Since then, we’ve heard many stories of young men developing myocarditis, defined by the Centers for Disease Control and Prevention as “inflammation of the heart muscle,” and pericarditis, which is “inflammation of the outer lining of the heart,” following vaccinations.

The American Heart Association recently published an article warning about the potential dangers of mRNA vaccines. Attorney Marina Medvin tweeted the article on Thursday, only for Twitter to flag it as “misleading content that could lead to real-world harm.”

When a reader clicks on the link to the article, a warning pops up that says, “This link may be unsafe. … The link you are trying to access has been identified by Twitter or our partners as being potentially spammy or unsafe, in accordance with Twitter’s URL Policy.”

Following a list of four reasons why the link may have been deemed unsafe — including “violent or misleading content that could lead to real-world harm” — the site gives the reader the option to return to the previous page or ignore the warning and view the objectionable material.

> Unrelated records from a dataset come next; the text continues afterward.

(* For each $\Sigma$-tree $X$ there is a pruned tree which is a retract of $X$, and it is unique up to isomorphism: any two pruned retracts of $X$ are isomorphic.
   Context: Let $\Sigma$ be a set. A $\Sigma$-tree is a finite directed graph whose underlying undirected graph is a tree, edges labelled by elements of $\Sigma$, with distinguished start and end vertices such that there is a (possibly empty) directed path from the start vertex to the end vertex. A morphism $X\to Y$ of $\Sigma$-trees maps vertices to vertices and edges to edges, preserving the initial vertex, terminal vertex and label of each edge, and maps the start and end vertices of $X$ to those of $Y$; an isomorphism is a morphism bijective on vertices and edges. A retraction of $X$ is an idempotent morphism $X\to X$; its image (a subtree with the same start and end vertices) is a retract of $X$. $X$ is pruned if it admits no non-identity retraction. *)

theory Defs
  imports Main
begin

record ('v, 'e, 's) sgraph =
  verts :: "'v set"
  edges :: "'e set"
  src :: "'e \<Rightarrow> 'v"
  tgt :: "'e \<Rightarrow> 'v"
  lab :: "'e \<Rightarrow> 's"
  start :: 'v
  fin :: 'v

inductive uwalk :: "('v, 'e, 's) sgraph \<Rightarrow> 'v \<Rightarrow> 'e list \<Rightarrow> 'v \<Rightarrow> bool" for X where
  unil: "u \<in> verts X \<Longrightarrow> uwalk X u [] u"
| ufwd: "e \<in> edges X \<Longrightarrow> src X e = u \<Longrightarrow> uwalk X (tgt X e) es v \<Longrightarrow> uwalk X u (e # es) v"
| ubwd: "e \<in> edges X \<Longrightarrow> tgt X e = u \<Longrightarrow> uwalk X (src X e) es v \<Longrightarrow> uwalk X u (e # es) v"
lemma F_Kproj: "F i * Kproj j m = Kproj j (m + - alpha n i j) * F i"
  by (rule Kproj_shift) (simp add: K_F eps_plus_swap)

definition Kbinom :: "int \<Rightarrow> int \<Rightarrow> 'a" where
  "Kbinom a l = prod_list (map (\<lambda>s.
      (K a * \<phi> (vq powi (- s + 1)) - Kinv a * \<phi> (vq powi (s - 1))) * \<phi> (1 / (vq powi s - vq powi (- s))))
     [1..l])"

lemma one_lam_eq_prod_Kbinom: "one_lam n \<phi> K Kinv lam = prod_list (map (\<lambda>a. Kbinom a (lam a)) [1..int n])"
  by (simp add: one_lam_def Kbinom_def)

lemma Kbinom_Kproj: "Kbinom a l * Kproj a m = \<phi> (vbinom m l) * Kproj a m"
  unfolding Kbinom_def vbinom_def
  by (intro scalar_action_prod_list eigen_affine_combination K_Kproj Kinv_Kproj)

lemma Kbinom_eq_sum: "Kbinom a l = (\<Sum>m\<in>{0..int r}. \<phi> (vbinom m l) * Kproj a m)"
proof -
  have "Kbinom a l = Kbinom a l * (\<Sum>m\<in>{0..int r}. Kproj a m)"
    by (simp add: sum_Kproj)
  then show ?thesis
    by (simp add: sum_distrib_left Kbinom_Kproj)
qed

lemma prod_K_prod_Kproj:
  assumes "length ms = length js"
  shows "prod_list (map K js) * prod_list (map2 Kproj js ms)
    = \<phi> (vq powi sum_list ms) * prod_list (map2 Kproj js ms)"
proof -
  have "prod_list (map (K \<circ> fst) (zip js ms)) * prod_list (map2 Kproj js ms)
      = \<phi> (prod_list (map (\<lambda>(j, m). vq powi m) (zip js ms))) * prod_list (map2 Kproj js ms)"
    by (rule prod_list_eigen) (auto simp: K_Kproj intro: K_Kproj_commute)
  moreover have "map (\<lambda>(j, m). vq powi m) (zip js ms) = map (\<lambda>m. vq powi m) (map snd (zip js ms))"
    by (simp add: split_def)
  ultimately show ?thesis
    using assms by (simp add: map_fst_zip map_snd_zip prod_list_vq_powi flip: map_map)
qed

Is Twitter now playing scientist? Will it be policing other papers from major health research publications, or just the ones that challenge its narrative?

A fact-checking organization called Retraction Watch reviewed the article and determined that it deserved an “expression of concern.”

First among its “concerns” was a typographical error: “PLUS” instead of “PULS,” the name of a cardiac test.

Retraction Watch also wanted readers to know that the author of the article, Dr. Steven Gundry, sells a line of supplements and has a YouTube channel.

According to the outlet, Gundry is “a cardiac surgeon by training who now sells dietary supplements on his website. Gundry also sees patients at the Center for Restorative Medicine and International Heart & Lung Institute in California and offers advice on YouTube. But critics have accused Gundry of peddling worthless — if ultimately expensive — advice.”

All of this is obviously beside the point. It’s clear that Gundry’s findings should raise some serious concerns.

The abstract of his paper states that the risk of a new “acute coronary syndrome” within five years increases from 11 percent to 25 percent after one’s second dose of the vaccine. The increased risk lasts for at least two and a half months.

I am not a scientist, but I doubt the AHA would publish Gundry’s paper if it were quackery.

Who appointed Twitter to judge the accuracy of medical data? Even the CDC acknowledges the elevated risk of heart issues among young males after mRNA vaccines.

But Big Tech now works hand in hand with the federal government and has a vested interest in seeing that every American gets vaccinated. Thus, any information that might discourage individuals from doing so will be censored.

This is no different than Big Tech’s decision to suppress stories about Hunter Biden’s laptop ahead of the 2020 presidential election.

It’s just Big Tech doing its part to shape the political opinions and worldviews of its users.